Transcribe word for word the lines below from the line with "G) (tsubst \<delta>" through the line with "by (auto simp: fun_eq_iff restrict_map_def)", ends included.

[[ THE DATA open ]]

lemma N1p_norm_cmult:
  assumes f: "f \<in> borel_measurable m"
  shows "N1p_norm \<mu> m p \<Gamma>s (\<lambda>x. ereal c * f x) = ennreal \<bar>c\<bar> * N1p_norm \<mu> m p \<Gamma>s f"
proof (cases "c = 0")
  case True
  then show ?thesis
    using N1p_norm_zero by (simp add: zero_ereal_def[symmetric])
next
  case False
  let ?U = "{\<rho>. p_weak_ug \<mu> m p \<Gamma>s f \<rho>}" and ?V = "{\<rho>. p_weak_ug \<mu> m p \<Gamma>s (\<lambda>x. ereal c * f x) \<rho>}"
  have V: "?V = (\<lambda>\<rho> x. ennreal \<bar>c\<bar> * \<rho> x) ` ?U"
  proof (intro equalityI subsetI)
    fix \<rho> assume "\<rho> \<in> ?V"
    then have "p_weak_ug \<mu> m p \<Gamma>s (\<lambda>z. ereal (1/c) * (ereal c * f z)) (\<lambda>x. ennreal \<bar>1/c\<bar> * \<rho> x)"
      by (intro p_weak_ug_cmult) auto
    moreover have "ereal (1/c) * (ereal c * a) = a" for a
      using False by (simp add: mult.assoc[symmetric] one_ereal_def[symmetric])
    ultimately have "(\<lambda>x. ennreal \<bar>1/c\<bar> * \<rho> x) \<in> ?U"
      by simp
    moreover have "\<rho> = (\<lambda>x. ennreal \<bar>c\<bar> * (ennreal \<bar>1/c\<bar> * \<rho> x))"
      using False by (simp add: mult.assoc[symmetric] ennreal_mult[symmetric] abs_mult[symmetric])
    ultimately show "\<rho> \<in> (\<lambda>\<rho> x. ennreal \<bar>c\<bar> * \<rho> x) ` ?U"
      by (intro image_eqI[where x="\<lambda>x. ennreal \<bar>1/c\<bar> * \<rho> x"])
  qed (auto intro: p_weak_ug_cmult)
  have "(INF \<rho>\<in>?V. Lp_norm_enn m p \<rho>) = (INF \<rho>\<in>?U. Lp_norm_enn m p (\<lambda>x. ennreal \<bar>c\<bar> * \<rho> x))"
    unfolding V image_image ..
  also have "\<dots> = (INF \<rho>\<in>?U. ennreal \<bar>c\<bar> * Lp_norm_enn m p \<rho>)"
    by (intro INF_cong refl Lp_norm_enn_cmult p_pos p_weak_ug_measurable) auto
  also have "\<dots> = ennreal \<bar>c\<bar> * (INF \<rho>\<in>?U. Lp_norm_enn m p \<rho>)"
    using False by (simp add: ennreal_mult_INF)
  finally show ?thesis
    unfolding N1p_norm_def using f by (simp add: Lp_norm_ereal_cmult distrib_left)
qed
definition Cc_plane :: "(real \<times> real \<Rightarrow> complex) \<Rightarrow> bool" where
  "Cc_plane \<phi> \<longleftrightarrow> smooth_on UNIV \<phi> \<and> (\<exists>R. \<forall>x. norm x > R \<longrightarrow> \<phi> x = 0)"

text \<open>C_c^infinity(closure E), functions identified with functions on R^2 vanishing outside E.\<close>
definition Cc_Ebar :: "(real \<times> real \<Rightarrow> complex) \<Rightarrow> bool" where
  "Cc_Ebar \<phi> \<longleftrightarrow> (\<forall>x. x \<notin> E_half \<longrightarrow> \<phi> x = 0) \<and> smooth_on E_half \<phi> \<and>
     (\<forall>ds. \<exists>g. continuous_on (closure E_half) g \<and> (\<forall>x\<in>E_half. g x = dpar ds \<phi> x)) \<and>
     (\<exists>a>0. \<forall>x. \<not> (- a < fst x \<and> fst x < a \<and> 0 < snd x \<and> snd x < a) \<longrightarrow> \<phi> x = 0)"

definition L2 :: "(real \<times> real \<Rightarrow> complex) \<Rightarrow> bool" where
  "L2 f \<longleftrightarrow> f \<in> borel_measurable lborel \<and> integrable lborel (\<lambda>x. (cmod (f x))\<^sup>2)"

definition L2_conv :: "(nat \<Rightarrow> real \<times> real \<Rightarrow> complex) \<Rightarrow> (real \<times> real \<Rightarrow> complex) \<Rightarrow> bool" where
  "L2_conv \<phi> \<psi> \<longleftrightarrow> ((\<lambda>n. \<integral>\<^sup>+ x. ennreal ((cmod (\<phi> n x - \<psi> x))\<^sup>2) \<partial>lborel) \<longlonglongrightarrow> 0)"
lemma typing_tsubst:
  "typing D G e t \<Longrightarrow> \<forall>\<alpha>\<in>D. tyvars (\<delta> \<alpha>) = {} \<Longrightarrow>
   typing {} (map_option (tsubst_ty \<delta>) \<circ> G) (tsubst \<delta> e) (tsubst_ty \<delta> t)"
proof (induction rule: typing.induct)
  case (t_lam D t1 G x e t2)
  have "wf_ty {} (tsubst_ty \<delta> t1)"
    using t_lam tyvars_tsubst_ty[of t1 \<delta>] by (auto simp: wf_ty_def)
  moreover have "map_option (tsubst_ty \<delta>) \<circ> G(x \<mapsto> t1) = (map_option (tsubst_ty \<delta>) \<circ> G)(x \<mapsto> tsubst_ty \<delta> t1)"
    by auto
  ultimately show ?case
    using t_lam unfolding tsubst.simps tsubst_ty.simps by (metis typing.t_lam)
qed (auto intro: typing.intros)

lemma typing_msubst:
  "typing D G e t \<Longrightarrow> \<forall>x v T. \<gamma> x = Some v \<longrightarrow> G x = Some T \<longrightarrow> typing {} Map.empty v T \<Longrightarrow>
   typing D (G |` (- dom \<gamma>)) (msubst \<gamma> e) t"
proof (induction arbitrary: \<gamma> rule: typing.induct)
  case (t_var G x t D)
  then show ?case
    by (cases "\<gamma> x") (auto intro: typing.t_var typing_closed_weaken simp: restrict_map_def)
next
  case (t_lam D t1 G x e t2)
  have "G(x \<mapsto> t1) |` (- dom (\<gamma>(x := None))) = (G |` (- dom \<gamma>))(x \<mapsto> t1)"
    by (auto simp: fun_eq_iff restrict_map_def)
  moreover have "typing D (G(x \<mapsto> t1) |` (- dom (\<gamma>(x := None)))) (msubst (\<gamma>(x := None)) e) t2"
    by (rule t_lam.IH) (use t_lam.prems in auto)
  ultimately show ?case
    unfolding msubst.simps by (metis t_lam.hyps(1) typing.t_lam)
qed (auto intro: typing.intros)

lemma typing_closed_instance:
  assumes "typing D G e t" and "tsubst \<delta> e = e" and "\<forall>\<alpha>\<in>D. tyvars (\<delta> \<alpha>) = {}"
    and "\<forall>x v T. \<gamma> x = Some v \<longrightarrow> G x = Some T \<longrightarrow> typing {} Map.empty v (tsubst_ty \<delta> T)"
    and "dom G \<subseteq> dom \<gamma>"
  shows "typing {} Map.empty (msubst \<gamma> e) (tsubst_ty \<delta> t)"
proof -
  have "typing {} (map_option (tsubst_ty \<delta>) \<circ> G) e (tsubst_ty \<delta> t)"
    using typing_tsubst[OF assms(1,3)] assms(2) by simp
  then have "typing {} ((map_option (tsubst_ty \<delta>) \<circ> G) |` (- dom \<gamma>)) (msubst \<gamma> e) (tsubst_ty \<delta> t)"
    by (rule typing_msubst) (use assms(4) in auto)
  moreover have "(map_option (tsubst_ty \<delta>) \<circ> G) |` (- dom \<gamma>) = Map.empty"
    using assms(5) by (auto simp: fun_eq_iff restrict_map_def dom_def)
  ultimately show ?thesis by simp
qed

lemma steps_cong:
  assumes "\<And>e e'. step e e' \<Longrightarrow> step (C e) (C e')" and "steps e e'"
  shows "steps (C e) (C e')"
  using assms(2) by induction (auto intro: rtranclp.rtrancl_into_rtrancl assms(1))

[[ THE DATA closed ]]

* ANSWER TO THIS EXERCISE
   typing {} (map_option (tsubst_ty \<delta>) \<circ> G) (tsubst \<delta> e) (tsubst_ty \<delta> t)"
proof (induction rule: typing.induct)
  case (t_lam D t1 G x e t2)
  have "wf_ty {} (tsubst_ty \<delta> t1)"
    using t_lam tyvars_tsubst_ty[of t1 \<delta>] by (auto simp: wf_ty_def)
  moreover have "map_option (tsubst_ty \<delta>) \<circ> G(x \<mapsto> t1) = (map_option (tsubst_ty \<delta>) \<circ> G)(x \<mapsto> tsubst_ty \<delta> t1)"
    by auto
  ultimately show ?case
    using t_lam unfolding tsubst.simps tsubst_ty.simps by (metis typing.t_lam)
qed (auto intro: typing.intros)

lemma typing_msubst:
  "typing D G e t \<Longrightarrow> \<forall>x v T. \<gamma> x = Some v \<longrightarrow> G x = Some T \<longrightarrow> typing {} Map.empty v T \<Longrightarrow>
   typing D (G |` (- dom \<gamma>)) (msubst \<gamma> e) t"
proof (induction arbitrary: \<gamma> rule: typing.induct)
  case (t_var G x t D)
  then show ?case
    by (cases "\<gamma> x") (auto intro: typing.t_var typing_closed_weaken simp: restrict_map_def)
next
  case (t_lam D t1 G x e t2)
  have "G(x \<mapsto> t1) |` (- dom (\<gamma>(x := None))) = (G |` (- dom \<gamma>))(x \<mapsto> t1)"
    by (auto simp: fun_eq_iff restrict_map_def)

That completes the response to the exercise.